Pension contributions rise but the hole remains the same

Apr 14 2004 by Brian Amble Print This Article

Growing concern about the shortfall in company pension schemes prompted firms to pay almost twice as much into their pension schemes in the last year than they did in the previous 12 months, according to new research.

Consultants Watson Wyatt looked at the contributions made to the defined benefit pension schemes of FTSE 100 companies reporting at the end of 2003 and found that on average contributions from employers had risen by 95 per cent.

Some 75 per cent of these FTSE 100 companies had increased pension contributions, in some cases quite substantially.

In 2002 contributions paid in aggregate to FTSE 100 pension schemes barely covered the ongoing cost of new accruals. But in 2003 total contributions by employers covered not only ongoing accruals but an almost similar amount again towards improving pensions security.

"Concerns about growing deficits and the increased profile of pensions in corporate affairs generally have had an impact on companies' pension funding decisions," said Watson Wyatt’s Chinu Patel.

"This came at a time of improved pre-tax profits for many companies, up 30 per cent on average over their 2002 levels, so companies could afford to, and have, paid in more."

A quarter of the aggregate increase in pre-tax profits of FTSE 100 companies in 2003 over 2002 was absorbed by increased pension contributions, although the distribution across all companies was far from even.

The research also found that the proportion of assets invested in equities has hardly changed over the last year, with about 60 per cent remaining invested in equities. But this may mask an underlying reduction in the proportion allocated to equities coupled with the relatively stronger performance of equities over the year.

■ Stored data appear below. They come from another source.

lemma infdist_le_if_stabbed:
  fixes K :: "'a::euclidean_space set"
  assumes "convex_body K" and "0 < \<epsilon>" and "0 \<le> \<beta>"
    and nv: "\<And>e p. e \<in> sdirs \<Longrightarrow> p \<in> Q e \<Longrightarrow> nv_support (Kreg K e \<beta>) e p (h e p)"
    and stab: "\<And>e q. e \<in> sdirs \<Longrightarrow> q \<in> lower_bd (Kreg K e \<epsilon>) e
                 \<Longrightarrow> \<exists>p\<in>Q e. h e p \<bullet> (q + \<epsilon> *\<^sub>R e) \<ge> h e p \<bullet> p"
    and x: "\<And>e p. e \<in> sdirs \<Longrightarrow> p \<in> Q e \<Longrightarrow> h e p \<bullet> x \<le> h e p \<bullet> p"
  shows "infdist x K \<le> \<epsilon>"
proof (rule ccontr)
  assume "\<not> infdist x K \<le> \<epsilon>"
  have K: "compact K" "convex K" "interior K \<noteq> {}" "K \<noteq> {}"
    using assms(1) interior_subset unfolding convex_body_def by auto
  define \<delta> where "\<delta> = infdist x K"
  have "x \<notin> K" using \<open>\<not> infdist x K \<le> \<epsilon>\<close> assms(2) infdist_zero by fastforce
  then obtain y u where "y \<in> K" "norm u = 1" and x_eq: "x = y + \<delta> *\<^sub>R u" and "supp K u = u \<bullet> y"
    using nearest_point_outer_normal[OF compact_imp_closed K(2,4)] K(1) unfolding \<delta>_def by blast
  obtain e where e: "e \<in> sdirs" "u \<in> Vcone e" using ex_Vcone[OF \<open>norm u = 1\<close>] by blast
  have "(norm (vproj e u))\<^sup>2 < 1"
    using norm_vproj_sq[OF norm_sdirs[OF e(1)]] \<open>norm u = 1\<close> Vcone_inner_pos[OF e(2)] by simp
  then have "norm (vproj e u) < 1" by (simp add: abs_square_less_1)
  then obtain d where d: "\<epsilon> < d" "d \<le> \<delta>" "d * norm (vproj e u) \<le> \<epsilon>"
    using exists_scaled_le_between[OF norm_ge_zero _ \<open>0 < \<epsilon>\<close>] \<open>\<not> infdist x K \<le> \<epsilon>\<close>
    unfolding \<delta>_def by (meson not_le)
  have "0 < d" using d(1) assms(2) by linarith
  with lower_bd_point_above[OF K(1,3) norm_sdirs[OF e(1)] \<open>y \<in> K\<close> e(2) \<open>supp K u = u \<bullet> y\<close>] d(3)
  obtain t where "d \<le> t" and q: "y + d *\<^sub>R u - t *\<^sub>R e \<in> lower_bd (Kreg K e \<epsilon>) e"
    by blast
  then obtain p where "p \<in> Q e" and p: "h e p \<bullet> (y + d *\<^sub>R u - t *\<^sub>R e + \<epsilon> *\<^sub>R e) \<ge> h e p \<bullet> p"
    using stab[OF e(1)] by blast
  define n where "n = h e p"
  have y_Kreg: "y \<in> Kreg K e \<beta>" using subset_Kreg[OF K(1) norm_sdirs[OF e(1)] assms(3)] \<open>y \<in> K\<close> by blast
  have "n \<bullet> e > 0"
    using nv_support_pos[OF nv[OF e(1) \<open>p \<in> Q e\<close>] y_Kreg] Kreg_diff_scaleR[OF y_Kreg norm_sdirs[OF e(1)]]
    unfolding n_def by blast
  have "n \<bullet> y \<le> n \<bullet> p" using nv[OF e(1) \<open>p \<in> Q e\<close>] y_Kreg unfolding nv_support_def n_def by blast
  have "n \<bullet> p \<le> n \<bullet> y + d * (n \<bullet> u) - (t - \<epsilon>) * (n \<bullet> e)"
    using p unfolding n_def by (simp add: inner_add_right inner_diff_right algebra_simps)
  moreover have "0 < (t - \<epsilon>) * (n \<bullet> e)" using \<open>n \<bullet> e > 0\<close> \<open>d \<le> t\<close> d(1) by simp
  ultimately have "n \<bullet> p < n \<bullet> y + d * (n \<bullet> u)" "0 < n \<bullet> u"
    using \<open>n \<bullet> y \<le> n \<bullet> p\<close> d(1) assms(2) by (smt (verit) zero_less_mult_iff)+
  with d(2) have "n \<bullet> p < n \<bullet> y + \<delta> * (n \<bullet> u)" by (smt (verit) mult_right_mono)
  then have "n \<bullet> p < n \<bullet> x" unfolding x_eq by (simp add: inner_add_right)
  with x[OF e(1) \<open>p \<in> Q e\<close>] show False unfolding n_def by simp
qed

lemma hausdorff_dist_le:
  assumes "A \<subseteq> B" and "0 \<le> \<epsilon>" and "\<And>b. b \<in> B \<Longrightarrow> infdist b A \<le> \<epsilon>"
  shows "hausdorff_dist A B \<le> ereal \<epsilon>"
  unfolding hausdorff_dist_def using assms by (auto intro!: SUP_least simp: infdist_zero subsetD)

lemma card_facets_Inter_halfspaces_le:
  fixes a :: "'i \<Rightarrow> 'a::euclidean_space"
  assumes "finite I" and S: "S = (\<Inter>i\<in>I. {x. a i \<bullet> x \<le> b i})"
    and a: "\<And>i. i \<in> I \<Longrightarrow> a i \<noteq> 0" and "interior S \<noteq> {}"
  shows "card {C. C facet_of S} \<le> card I"
proof -
  define H where "H i = {x. a i \<bullet> x \<le> b i}" for i
  obtain J where J: "J \<subseteq> I" "S = \<Inter>(H ` J)"
    and minimal: "\<And>J'. J' \<subseteq> I \<Longrightarrow> S = \<Inter>(H ` J') \<Longrightarrow> card J \<le> card J'"
    using ex_has_least_nat[of "\<lambda>J. J \<subseteq> I \<and> S = \<Inter>(H ` J)" I card] S unfolding H_def by auto
  have "finite J" using J(1) \<open>finite I\<close> by (rule finite_subset)
  define A where "A h = a (inv_into J H h)" for h
  define B where "B h = b (inv_into J H h)" for h
  have AB: "A h \<noteq> 0 \<and> h = {x. A h \<bullet> x \<le> B h}" if "h \<in> H ` J" for h
    using that J(1) a f_inv_into_f[OF that] inv_into_into[OF that]
    unfolding A_def B_def H_def by fastforce
  have "affine hull S = UNIV" using assms(4) by (rule affine_hull_nonempty_interior)
  \<comment> \<open>Minimality of \<open>J\<close> is the irredundancy needed by \<open>facet_of_polyhedron_explicit\<close>.\<close>
  have psub: "S \<subset> affine hull S \<inter> \<Inter>F" if "F \<subset> H ` J" for F
  proof -
    define J' where "J' = {j \<in> J. H j \<in> F}"
    have "H ` J' = F" "J' \<subset> J" using that unfolding J'_def by auto
    then have "card J' < card J" using \<open>finite J\<close> by (simp add: psubset_card_mono)
    then have "S \<noteq> \<Inter>F" using minimal[of J'] \<open>H ` J' = F\<close> \<open>J' \<subset> J\<close> J(1) by auto
    moreover have "S \<subseteq> \<Inter>F" using J(2) that by auto
    ultimately show ?thesis using \<open>affine hull S = UNIV\<close> by auto
  qed
  have "{C. C facet_of S} \<subseteq> (\<lambda>h. S \<inter> {x. A h \<bullet> x = B h}) ` (H ` J)"
    using facet_of_polyhedron_explicit[of "H ` J" S A B] \<open>finite J\<close> J(2) AB psub
      \<open>affine hull S = UNIV\<close> by auto
  then have "card {C. C facet_of S} \<le> card (H ` J)"
    using \<open>finite J\<close> by (meson card_image_le finite_imageI le_trans surj_card_le)
  also have "\<dots> \<le> card I" using \<open>finite I\<close> J(1) card_image_le[OF \<open>finite J\<close>, of H]
    by (meson card_mono le_trans)
  finally show ?thesis .
qed

theorem lemma7:
  fixes K :: "'a::euclidean_space set" and \<epsilon> :: real
    and h :: "'a \<Rightarrow> 'a \<Rightarrow> 'a" and Q :: "'a \<Rightarrow> 'a set"
  assumes "convex_body K" and "\<epsilon> > 0"
    and aug: "\<And>e p. e \<in> sdirs \<Longrightarrow> p \<in> lower_bd (Kreg K e (2 * \<epsilon>)) e
                 \<Longrightarrow> nv_support (Kreg K e (2 * \<epsilon>)) e p (h e p)"
    and Qsub: "\<And>e. e \<in> sdirs \<Longrightarrow> Q e \<subseteq> lower_bd (Kreg K e (2 * \<epsilon>)) e"
    and stab: "\<And>e q. e \<in> sdirs \<Longrightarrow> q \<in> lower_bd (Kreg K e \<epsilon>) e
                 \<Longrightarrow> \<exists>p\<in>Q e. h e p \<bullet> (q + \<epsilon> *\<^sub>R e) \<ge> h e p \<bullet> p"
  defines "P \<equiv> (\<Inter>e\<in>sdirs. \<Inter>p\<in>Q e. {x. h e p \<bullet> x \<le> h e p \<bullet> p})"
  shows "K \<subseteq> P \<and> hausdorff_dist K P \<le> ereal \<epsilon> \<and>
         ((\<forall>e\<in>sdirs. finite (Q e)) \<longrightarrow>
            card {F. F facet_of P} \<le> (\<Sum>e\<in>sdirs. card (Q e)))"
proof (intro conjI impI)
  have "compact K" "interior K \<noteq> {}" using assms(1) unfolding convex_body_def by auto
  have nv: "nv_support (Kreg K e (2 * \<epsilon>)) e p (h e p)" if "e \<in> sdirs" "p \<in> Q e" for e p
    using aug Qsub that by blast
  show "K \<subseteq> P"
    using nv subset_Kreg[OF \<open>compact K\<close> norm_sdirs] \<open>\<epsilon> > 0\<close> unfolding P_def nv_support_def
    by (fastforce simp: subset_iff)
  moreover have "infdist x K \<le> \<epsilon>" if "x \<in> P" for x
    using infdist_le_if_stabbed[OF assms(1,2) _ nv stab] that \<open>\<epsilon> > 0\<close> unfolding P_def by auto
  ultimately show "hausdorff_dist K P \<le> ereal \<epsilon>" using \<open>\<epsilon> > 0\<close> by (intro hausdorff_dist_le) auto
  assume "\<forall>e\<in>sdirs. finite (Q e)"
  then have "finite (Sigma sdirs Q)" using finite_sdirs by blast
  moreover have "P = (\<Inter>i\<in>Sigma sdirs Q. {x. case_prod h i \<bullet> x \<le> (\<lambda>(e, p). h e p \<bullet> p) i})"
    unfolding P_def by auto
  moreover have "case_prod h i \<noteq> 0" if "i \<in> Sigma sdirs Q" for i
    using nv that unfolding nv_support_def by fastforce
  moreover have "interior P \<noteq> {}" using interior_mono[OF \<open>K \<subseteq> P\<close>] \<open>interior K \<noteq> {}\<close> by blast
  ultimately have "card {F. F facet_of P} \<le> card (Sigma sdirs Q)"
    by (rule card_facets_Inter_halfspaces_le)
  also have "\<dots> = (\<Sum>e\<in>sdirs. card (Q e))" using \<open>\<forall>e\<in>sdirs. finite (Q e)\<close> by (rule card_SigmaI[OF finite_sdirs])
  finally show "card {F. F facet_of P} \<le> (\<Sum>e\<in>sdirs. card (Q e))" .
qed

According to Watson Wyatt, many pension schemes are looking to reducing their exposure to equities over the long-term, but have been held back from doing so due to current market conditions. A few pension schemes have used derivatives to reduce exposure to equities in the interim while waiting for the right investment conditions to make tactical changes.

The research, which covered the pension schemes of 40 of the 50 FTSE 100 companies that reported on 31 December 2003 (the other 10 annual reports were still to be published when Watson Wyatt undertook its analysis), found that despite the extra contributions and the improvement in equity markets FRS17 pension scheme deficits have hardly changed at an estimated £60bn for the FTSE 100.

But the report also estimates that the aggregate deficit in FTSE 100 pension schemes at the end of March 2004 was also unchanged at around £60 billion.

"Even if companies continue to contribute at the new increased levels it will take many years before the deficits are eliminated unless there is a dramatic improvement in the stock markets without a knock-on effect on the corporate bond market or on inflation expectations," said Chinu Patel.